When a sort fails with capacity exceeded (ICE046A) or runs slowly with heavy sortwork use, check three areas. First, FILSZ: this is the estimated size of the data to be sorted. If FILSZ is too low, DFSORT may allocate too little sortwork and then exceed that allocation. Provide a realistic or slightly high estimate (in the units your product expects). Second, sortwork itself: ensure you have enough SORTWK datasets (or sufficient DYNALLOC limit) and that each has enough space. If DFSORT dynamically allocates sortwork, a higher FILSZ often leads to more or larger work datasets. Third, memory: OPTION SIZE (or MOSIZE) and the step REGION in JCL limit how much memory the sort can use. If memory is too small, more data spills to sortwork, which increases I/O and can cause capacity problems. Increase SIZE and REGION within your system’s guidelines so that the sort can hold more data in memory. See the tutorials on FILSZ estimation, sortwork datasets, dynamic allocation, and memory usage for detailed tuning.

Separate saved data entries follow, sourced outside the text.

lemma gain_le_choose:
  assumes r: "1 \<le> r" and k: "n + 6 * r \<le> 2 * k"
  shows "gain n r \<le> real ((k - r) choose r)"
proof -
  have rk: "r \<le> k - r" using r k by linarith
  have "real n ^ r / (4 * (2 * real r) ^ (3 * r)) \<le> real n ^ r / (2 * real r) ^ r"
  proof (rule divide_left_mono)
    have "(2 * real r) ^ r \<le> (2 * real r) ^ (3 * r)" by (rule power_increasing) (use r in auto)
    moreover have "0 \<le> (2 * real r) ^ (3 * r)" by simp
    ultimately show "(2 * real r) ^ r \<le> 4 * (2 * real r) ^ (3 * r)" by linarith
  qed (use r in auto)
  also have "\<dots> = (real n / (2 * real r)) ^ r" by (simp add: power_divide)
  also have "\<dots> \<le> (real (k - r) / real r) ^ r"
  proof (rule power_mono)
    have "real n / 2 \<le> real (k - r)" using k rk by (simp add: of_nat_diff)
    then show "real n / (2 * real r) \<le> real (k - r) / real r"
      using r by (simp add: field_simps)
  qed simp
  also have "\<dots> \<le> real ((k - r) choose r)" by (rule binomial_ge_n_over_k_pow_k[OF rk])
  finally show ?thesis unfolding gain_def .
qed

lemma gain_mult_choose_le:
  assumes r: "1 \<le> r" and k: "n + 6 * r \<le> 2 * k" "4 * k \<le> 3 * n"
  shows "gain n r * real ((2 * r) choose r) * real ((n - k + 3 * r) choose (2 * r))
         \<le> real ((k - 2 * r) choose r) * real ((k - r) choose r) * real ((n - k + r) choose r)"
proof -
  define b where "b = n - k + 3 * r"
  have "0 < real r" using r by simp
  have "real ((2 * r) choose r) * real (b choose (2 * r)) \<le> real b ^ (2 * r)"
    using choose_mult_choose_le_power[of r r b] by (simp add: mult_2 flip: of_nat_mult of_nat_power)
  then have "gain n r * real ((2 * r) choose r) * real (b choose (2 * r)) \<le> gain n r * real b ^ (2 * r)"
    using gain_nonneg by (simp add: mult.assoc mult_left_mono)
  also have "\<dots> = (real n * real b ^ 2 / (8 * real r ^ 3)) ^ r / 4"
    by (simp add: gain_def power_mult power_divide power_mult_distrib)
  also have "\<dots> \<le> (real n * real b ^ 2 / (8 * real r ^ 3)) ^ r" by simp
  also have "\<dots> \<le> (real (k - 2 * r) / real r * (real (k - r) / real r) * (real (n - k + r) / real r)) ^ r"
  proof (rule power_mono)
    have "real b \<le> real (k - 2 * r)" "real (k - 2 * r) \<le> real (k - r)"
      "real n / 8 \<le> real (n - k + r)"
      using k unfolding b_def by (simp_all add: of_nat_diff)
    then have "real b ^ 2 * (real n / 8) \<le> real (k - 2 * r) * real (k - r) * real (n - k + r)"
      unfolding power2_eq_square by (intro mult_mono) auto
    then show "real n * real b ^ 2 / (8 * real r ^ 3)
        \<le> real (k - 2 * r) / real r * (real (k - r) / real r) * (real (n - k + r) / real r)"
      using \<open>0 < real r\<close> by (simp add: field_simps power3_eq_cube)
  qed simp
  also have "\<dots> = (real (k - 2 * r) / real r) ^ r * (real (k - r) / real r) ^ r
                  * (real (n - k + r) / real r) ^ r"
    by (simp only: power_mult_distrib)
  also have "\<dots> \<le> real ((k - 2 * r) choose r) * real ((k - r) choose r) * real ((n - k + r) choose r)"
    by (intro mult_mono binomial_ge_n_over_k_pow_k) (use k in auto)
  finally show ?thesis unfolding b_def .
qed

When you are assigned to improve a slow or failing sort, follow a sequence. (1) Capture SYSOUT and read all ICE messages; note record counts and any error or capacity messages. (2) Compare CPU and elapsed time to see if the step is I/O-bound or CPU-bound. (3) If it failed, look up the ICE code and address the cause (e.g. increase sortwork or FILSZ for ICE046A). (4) If it is slow and I/O-bound, review FILSZ, SIZE, REGION, and sortwork; consider INREC to shorten records and INCLUDE/OMIT to reduce count. (5) If the step does not need to sort (order does not matter or data is already ordered), switch to COPY or MERGE. (6) Optionally add DEBUG for one run to verify record counts and control statement behavior, then remove it. (7) Re-run and compare SYSOUT and timing to confirm improvement.
When your sort is slow or breaks, it’s like when a game freezes: you have to find out why. First you look at the “scoreboard” (the messages in the job log)—that tells you how many cards were handled and if something went wrong. If the game is waiting a long time for the disk (I/O), you give it more “desk space” (memory) so it doesn’t have to put cards in drawers so often. If the game is doing too much work (CPU), you try to give it fewer cards or simpler rules. And if you didn’t really need to sort the cards at all—you only wanted to take out the red ones—you skip the sorting step entirely. So: read the messages, see if it’s waiting on I/O or busy with CPU, fix the thing that’s wrong (more space, fewer records, or no sort), and check the scoreboard again to see if it’s better.
1. Where do you look first when a DFSORT step is slower than expected?
2. What does ICE046A usually indicate?
3. How can you tell if a sort is I/O-bound vs CPU-bound?
4. When is the DEBUG statement useful for performance?
5. Your sort runs but uses far more sortwork I/O than a similar job. What might you check?